In your article "Ma reiterates vow to open cross-strait transport if elected" (page 3, Oct. 1), it is claimed that "China-bound investment is capped at 40 percent of a company's net worth."
This is just one instance of an oft-repeated mistake, if not an outright lie -- a blind repetition of a politically convenient and malicious simplification of the current laws regarding investment in China by Taiwanese companies.
First, it is hardly ever noted that this limit only applies to public companies. In Taiwan, where small and medium businesses form the majority of companies, this is a relatively small percentage.
Second, it is not true that investment is capped at 40 percent of a company's net worth -- only capital raised in Taiwan counts. Larger companies in Taiwan almost always have much more capital in financial markets such as the US and Hong Kong. The restriction does not apply to any of that capital. Nor does any restriction apply to profits made in China, which can be reinvested freely.
The Democratic Progressive Party has engaged in a policy of "opening, with exceptions" and few of the old restrictions remain. The exceptions, besides the obvious defense industry restrictions, are in semiconductor manufacturing and LCD panel manufacturing -- areas in which Taiwan has been and continues to be a strong player. It should also be noted that United Microelectronics Corp has attempted to illegally circumvent the remaining restrictions.
Its larger, more successful competitor, Taiwan Semiconductor Manufacturing Co, has made no moves to invest in China, and founder Morris Chang said recently that debate over "opening" is a red-herring issue (假議題) taking attention away from the true keys to sustained economic competitiveness -- creativity and innovation.

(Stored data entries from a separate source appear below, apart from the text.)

(* For every $k\in\mathbb N_{>0}$, there exists a $2$-cell $\mathrm{tel}_k$ of the free weak $\omega$-category generated by the computad $\mathrm{Tel}_k$ whose source is the unbiased composite $f_1\ast_0 f_2\ast_0\cdots\ast_0 f_k\ast_0 g_k\ast_0\cdots\ast_0 g_1$ of the $2k$ consecutive $1$-cells $f_1,\dots,f_k,g_k,\dots,g_1$ (formally, the image of the unbiased composition cell over the chain of $2k$ consecutive $1$-cells under the morphism sending the $i$-th $1$-position to $f_i$ for $i\le k$ and to $g_{2k-i+1}$ for $k<i\le 2k$), and whose target is the identity $\mathrm{id}(x_0)$.
   Context: Computads (Dean et al.) are generating data for weak $\omega$-categories: a set of generators in each dimension, each $n$-generator attached to a pair of parallel $(n-1)$-cells of the free weak $\omega$-category on the lower-dimensional generators. $\mathrm{Tel}_k$ is the $2$-computad with $0$-generators $x_0,\dots,x_k$, $1$-generators $f_i\colon x_{i-1}\to x_i$ and $g_i\colon x_i\to x_{i-1}$ for $1\le i\le k$, $2$-generators $\alpha_i\colon f_i\ast_0 g_i\to\mathrm{id}(x_{i-1})$ for $1\le i\le k$, and no higher generators; here $\ast_0$ is the canonical binary composition of $1$-cells and $\mathrm{id}$ the canonical identity. The unbiased composite of a chain of consecutive $1$-cells is the canonical composition operation over the Batanin tree of the chain (a pasting diagram $\bullet\to\bullet\to\cdots\to\bullet$). *)

theory Defs
  imports Main
begin

datatype tree = Br "tree list"

inductive is_pos :: "tree \<Rightarrow> nat list \<Rightarrow> bool" where
  pos0: "j \<le> length Bs \<Longrightarrow> is_pos (Br Bs) [j]"
| posS: "1 \<le> i \<Longrightarrow> i \<le> length Bs \<Longrightarrow> is_pos (Bs ! (i - 1)) p \<Longrightarrow> is_pos (Br Bs) (i # p)"

text \<open>Boundary trees: positions of the n-dimensional source (e = False) / target (e = True)
boundary of a tree, viewed inside the tree.\<close>

inductive in_bdry :: "tree \<Rightarrow> nat \<Rightarrow> bool \<Rightarrow> nat list \<Rightarrow> bool" where
  bd0s: "in_bdry (Br Bs) 0 False [0]"
| bd0t: "in_bdry (Br Bs) 0 True [length Bs]"
| bdS0: "j \<le> length Bs \<Longrightarrow> in_bdry (Br Bs) (Suc n) e [j]"
| bdSS: "1 \<le> i \<Longrightarrow> i \<le> length Bs \<Longrightarrow> in_bdry (Bs ! (i - 1)) n e p
          \<Longrightarrow> in_bdry (Br Bs) (Suc n) e (i # p)"

fun tree_dim :: "tree \<Rightarrow> nat" where
  "tree_dim (Br Bs) = (if Bs = [] then 0 else Suc (fold max (map tree_dim Bs) 0))"

text \<open>A coherence Coh B A \<sigma> is the
coherence cell over tree B with (full) type A, written in the variables = positions of B,
composed with the substitution (computad morphism) \<sigma> from positions of B.\<close>

datatype tm = V "nat list" | Coh tree ty "nat list \<Rightarrow> tm"
     and ty = Star | Arr ty tm tm

primrec subst_tm :: "(nat list \<Rightarrow> tm) \<Rightarrow> tm \<Rightarrow> tm"
  and subst_ty :: "(nat list \<Rightarrow> tm) \<Rightarrow> ty \<Rightarrow> ty" where
  "subst_tm \<sigma> (V x) = \<sigma> x"
| "subst_tm \<sigma> (Coh B A \<tau>) = Coh B A (\<lambda>p. subst_tm \<sigma> (\<tau> p))"
| "subst_ty \<sigma> Star = Star"
| "subst_ty \<sigma> (Arr A s t) = Arr (subst_ty \<sigma> A) (subst_tm \<sigma> s) (subst_tm \<sigma> t)"

primrec fv_tm :: "tm \<Rightarrow> nat list set"
  and fv_ty :: "ty \<Rightarrow> nat list set" where
  "fv_tm (V x) = {x}"
| "fv_tm (Coh B A \<tau>) = (\<Union>p\<in>{p. is_pos B p}. fv_tm (\<tau> p))"
| "fv_ty Star = {}"
| "fv_ty (Arr A s t) = fv_ty A \<union> fv_tm s \<union> fv_tm t"

primrec tdim :: "ty \<Rightarrow> nat" where
  "tdim Star = 0"
| "tdim (Arr A s t) = Suc (tdim A)"

text \<open>Type of a position: suspension of the type of the position in the child tree.\<close>

primrec susp_ty :: "nat \<Rightarrow> ty \<Rightarrow> ty" where
  "susp_ty i Star = Arr Star (V [i - 1]) (V [i])"
| "susp_ty i (Arr A s t) = Arr (susp_ty i A) (subst_tm (\<lambda>x. V (i # x)) s) (subst_tm (\<lambda>x. V (i # x)) t)"

fun ptype :: "nat list \<Rightarrow> ty" where
  "ptype [] = Star"
| "ptype [j] = Star"
| "ptype (i # j # r) = susp_ty i (ptype (j # r))"

definition bctx :: "tree \<Rightarrow> nat \<Rightarrow> bool \<Rightarrow> nat list \<Rightarrow> ty option" where
  "bctx B n e = (\<lambda>q. if in_bdry B n e q then Some (ptype q) else None)"

definition bset :: "tree \<Rightarrow> nat \<Rightarrow> bool \<Rightarrow> nat list set" where
  "bset B n e = {q. in_bdry B n e q}"

text \<open>Typing relative to a computad given as a partial map from generator names to their
types (boundary spheres). The coherence rule requires the sphere (s,t) of dimension n to be
full: dim B \<le> n+1, s a term of the source boundary with support (together with its type) all of
the source boundary, and likewise t for the target boundary.\<close>

inductive ty_ok :: "(nat list \<Rightarrow> ty option) \<Rightarrow> ty \<Rightarrow> bool"
  and tm_of :: "(nat list \<Rightarrow> ty option) \<Rightarrow> tm \<Rightarrow> ty \<Rightarrow> bool" where
  ty_star: "ty_ok \<Gamma> Star"
| ty_arr: "ty_ok \<Gamma> A \<Longrightarrow> tm_of \<Gamma> s A \<Longrightarrow> tm_of \<Gamma> t A \<Longrightarrow> ty_ok \<Gamma> (Arr A s t)"
| tm_var: "\<Gamma> x = Some A \<Longrightarrow> ty_ok \<Gamma> A \<Longrightarrow> tm_of \<Gamma> (V x) A"
| tm_coh: "tree_dim B \<le> Suc (tdim A) \<Longrightarrow>
    tm_of (bctx B (tdim A) False) s A \<Longrightarrow> fv_tm s \<union> fv_ty A = bset B (tdim A) False \<Longrightarrow>
    tm_of (bctx B (tdim A) True) t A \<Longrightarrow> fv_tm t \<union> fv_ty A = bset B (tdim A) True \<Longrightarrow>
    (\<forall>p. is_pos B p \<longrightarrow> tm_of \<Gamma> (\<sigma> p) (subst_ty \<sigma> (ptype p))) \<Longrightarrow>
    tm_of \<Gamma> (Coh B (Arr A s t) \<sigma>) (subst_ty \<sigma> (Arr A s t))"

The government should ease restrictions on setting up older-generation semiconductor plants in China, but this is one small step in a very broad policy of opening to China.
Taiwan's China-bound investment continues to be among the top of all foreign investors in China and two-way trade continues to climb to new heights.
I urge the Taipei Times not to mislead readers. Give them a more complete and balanced picture of this important issue.